Hey Webdog, Ray the Hammer with some 411. I've got the same drill, it may be a different model because it is almost 10 years old, and mine had the same smell when I first got it, and the "clunk" noise I attributed to the higher speed in position 3. The smell went away (or maybe I don't notice it any more), and the noise is still there. 
I use my drill often and it's still going after 10 years. I have asked other people about the same thing and their response is the same as mine.
That being said, in addition to being a blacksmith, I also work at Home Depot and people have asked me this same question... I tell them about mine and they seem happy with the response, and go on there merry way.
I've always associated that smell with those old electric race cars that I had as a child, and they always worked fine until I lost them or my sister broke them. Maybe it has to do with the brushes being " worn in", but I'd love to hear other responses to this myself
Man I miss those cars.
Ray the Hammer :thumbsup:


----------



## webdog (Jan 14, 2011)

Thanks Ray for the information. Most likely I'll end up using this drill not all that often, maybe for a kitchen remodel and maybe other places where I need the bigger hammer drill. Also when the time comes to put up a new fence I'm sure it will get some use. 

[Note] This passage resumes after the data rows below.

(* Let $(G,c)$ be an instance of min-cost 2ECSS and $(G',c')$ its inflation. For $x\in P_{EC}(G)$ define $x'\in\mathbb R^{E'}$ by $x'_{v'w'}=x_{vw}$ for each inter-clique edge $v'w'$ of $G'$ corresponding to the edge $vw$ of $G$, and $x'_{e'}=1$ for each $e'\in F'$. Then $x'\in P_{NC}(G')$ and $c'^{\top}x'=c^{\top}x$.
   Context: $G=(V,E)$ is a simple undirected graph with nonnegative edge costs $c\in\mathbb R_+^E$. $P_{EC}(G)=\{x\in\mathbb R^E: x(\delta_G(S))\ge 2\ \forall\,\emptyset\ne S\subsetneq V;\ 0\le x\le 1\}$ (the cut LP region for 2-edge connected spanning subgraphs), where $\delta_G(S)$ is the set of edges with exactly one end in $S$. Inflation: $G'=(V',E')$ is obtained by replacing each node $u$ of $G$ by a complete graph $C'_u$ on $\deg_G(u)$ new nodes (the $C'_u$ pairwise node-disjoint), and each edge $vw$ of $G$ by an edge $v'w'$ with $v'\in C'_v$, $w'\in C'_w$, such that each node of each $C'_u$ is incident to exactly one such inter-clique edge; costs: $c'_{v'w'}=c_{vw}$ and $c'_{e'}=0$ for every edge $e'$ in $F':=\bigcup_u E(C'_u)$. For a graph $H=(W,D)$ with nonnegative costs $d$, let $H^0=(W,\{e\in D: d_e=0\})$, and let $P_{NC}(H)$ (the partition LP region for 2NCSS) be the set of $x\in\mathbb R^D$ with $x(\delta_H(S))\ge 2$ for all $\emptyset\ne S\subsetneq W$, $0\le x\le 1$, and, for every node $w\in W$ and every partition $\mathcal P$ of $W\setminus\{w\}$ such that the node set of each connected component of $H^0-w$ is contained in a set of $\mathcal P$, $\sum_{e\in e_{H-w}(\mathcal P)}x_e\ge|\mathcal P|-1$, where $e_{H-w}(\mathcal P)$ is the set of edges of $H-w$ whose end nodes lie in different sets of $\mathcal P$. *)

theory Defs
  imports Complex_Main "HOL-Library.Disjoint_Sets"
begin

text \<open>Simple undirected graphs: a finite node set V and an edge set E of
  two-element subsets of V. Vectors in R^E are functions on edges (values
  outside E are irrelevant).\<close>

definition simple_graph :: "'a set \<Rightarrow> 'a set set \<Rightarrow> bool" where
  "simple_graph V E \<longleftrightarrow> finite V \<and> (\<forall>e\<in>E. \<exists>u v. u \<in> V \<and> v \<in> V \<and> u \<noteq> v \<and> e = {u, v})"

definition cut :: "'a set set \<Rightarrow> 'a set \<Rightarrow> 'a set set" where
  "cut E S = {e \<in> E. card (e \<inter> S) = 1}"

definition P_EC :: "'a set \<Rightarrow> 'a set set \<Rightarrow> ('a set \<Rightarrow> real) set" where
  "P_EC V E = {x. (\<forall>S. S \<noteq> {} \<and> S \<subset> V \<longrightarrow> (\<Sum>e\<in>cut E S. x e) \<ge> 2)
                  \<and> (\<forall>e\<in>E. 0 \<le> x e \<and> x e \<le> 1)}"

definition reach0 :: "'b set set \<Rightarrow> ('b set \<Rightarrow> real) \<Rightarrow> 'b \<Rightarrow> 'b \<Rightarrow> 'b \<Rightarrow> bool" where
  "reach0 D d w a b \<longleftrightarrow>
     (a, b) \<in> {(p, q). {p, q} \<in> D \<and> d {p, q} = 0 \<and> p \<noteq> w \<and> q \<noteq> w}\<^sup>*"

definition comp0 :: "'b set \<Rightarrow> 'b set set \<Rightarrow> ('b set \<Rightarrow> real) \<Rightarrow> 'b \<Rightarrow> 'b \<Rightarrow> 'b set" where
  "comp0 W D d w a = {b \<in> W - {w}. reach0 D d w a b}"

definition cross_edges :: "'b set set \<Rightarrow> 'b \<Rightarrow> 'b set set \<Rightarrow> 'b set set" where
  "cross_edges D w P = {e \<in> D. w \<notin> e \<and> \<not> (\<exists>X\<in>P. e \<subseteq> X)}"
lemma weightB_cost_le:
  assumes "finite E" and "gen_attack V E ep1 ep2 S (C, J, I)" and "detectable (C, J, I)"
    and "pI \<le> pJSc + pJS" and "pI \<le> 2 * pJS" and "0 \<le> pJS"
  shows "pJS + weightB E S pJS pI C \<le> attack_cost E S pJS pJSc pI (C, J, I)"
proof -
  note counts = gen_attack_counts[OF assms(1,2)]
  have "real (card C) + 1 - 2 * real (card I) - real (card (J \<inter> (E - S))) \<le> card (J \<inter> S)"
    using detectable_attack_counts[OF assms(1-3)] by linarith
  then have "pJS * (real (card C) + 1 - 2 * real (card I) - real (card (J \<inter> (E - S))))
      \<le> pJS * card (J \<inter> S)"
    using assms(6) by (rule mult_left_mono)
  moreover have "0 \<le> (2 * pJS - pI) * (card (C \<inter> (E - S)) - real (card I) - card (J \<inter> (E - S)))"
    using counts(4) assms(5) by simp
  moreover have "0 \<le> (pJSc + pJS - pI) * card (J \<inter> (E - S))"
    using assms(4) by simp
  ultimately show ?thesis
    unfolding attack_cost_triple weightB_def counts(2) by (simp add: algebra_simps)
qed

lemma IB_output_cost_le:
  assumes "finite E" and "IB_output V E ep1 ep2 S pJS pI b"
    and "gen_attack V E ep1 ep2 S (C, J, I)" and "detectable (C, J, I)"
    and "feasB V E ep1 ep2 S C" and "pI \<le> pJSc + pJS" and "pI \<le> 2 * pJS" and "0 \<le> pJS"
  shows "attack_cost E S pJS pJSc pI b \<le> attack_cost E S pJS pJSc pI (C, J, I)"
proof -
  have "weightB E S pJS pI (fst b) \<le> weightB E S pJS pI C"
    using assms(2,5) unfolding IB_output_def by (simp split: prod.splits)
  then show ?thesis
    using IB_output_attack(3)[where pJSc = pJSc, OF assms(1,2)] weightB_cost_le[OF assms(1,3,4,6-8)]
    by linarith
qed
lemma mat_sum_mult_vec:
  assumes w: "w \<in> carrier_vec n" and F: "\<And>i. i \<in> I \<Longrightarrow> F i \<in> carrier_mat n n"
  shows "mat_sum n F I *\<^sub>v w = vec n (\<lambda>r. \<Sum>i\<in>I. (F i *\<^sub>v w) $ r)"
proof (rule eq_vecI)
  fix r assume "r < dim_vec (vec n (\<lambda>r. \<Sum>i\<in>I. (F i *\<^sub>v w) $ r))"
  then have r: "r < n" by simp
  have "(mat_sum n F I *\<^sub>v w) $ r = (\<Sum>i\<in>I. \<Sum>l<n. F i $$ (r, l) * w $ l)"
    using r w by (simp add: scalar_prod_def lessThan_atLeast0 sum_distrib_right sum.swap[of _ I])
  also have "\<dots> = (\<Sum>i\<in>I. (F i *\<^sub>v w) $ r)"
  proof (intro sum.cong refl)
    fix i assume "i \<in> I"
    then show "(\<Sum>l<n. F i $$ (r, l) * w $ l) = (F i *\<^sub>v w) $ r"
      using r w F[of i] by (simp add: scalar_prod_def lessThan_atLeast0)
  qed
  finally show "(mat_sum n F I *\<^sub>v w) $ r = vec n (\<lambda>r. \<Sum>i\<in>I. (F i *\<^sub>v w) $ r) $ r"
    using r by simp
qed simp

lemma mat_sum_delta:
  assumes "finite I" "t \<in> I" "A \<in> carrier_mat n n"
  shows "mat_sum n (\<lambda>i. if i = t then A else 0\<^sub>m n n) I = A"
  by (rule eq_matI) (use assms in \<open>auto simp: if_distrib[of "\<lambda>M. M $$ _"] cong: if_cong\<close>)

lemma mat_sum_reindex:
  "inj_on g I \<Longrightarrow> mat_sum n F (g ` I) = mat_sum n (\<lambda>i. F (g i)) I"
  by (simp add: mat_sum_def sum.reindex)

lemma mat_sum_product:
  "mat_sum n (\<lambda>p. F (fst p) (snd p)) (S \<times> T) = mat_sum n (\<lambda>s. mat_sum n (F s) T) S"
  by (rule eq_matI) (simp_all add: sum.cartesian_product case_prod_beta)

The guy I bought it from didn't seem to think it was messed up. To be honest I probably wouldn't have bought it, but I got it in a package deal with some other DeWalt 18v tools and he threw in the hammerdrill for next for nothing. I just didn't want the thing to get worse or cause more damage when the time comes where I will really want to use it. :thumbsup:


----------



## thehammer01 (Oct 20, 2010)

*Dewalt drill issues*

You are quite welcome. Like I said, 10 years and still going. You made a good decision and I don't think you'll have any problems.
Ray the Hammer


----------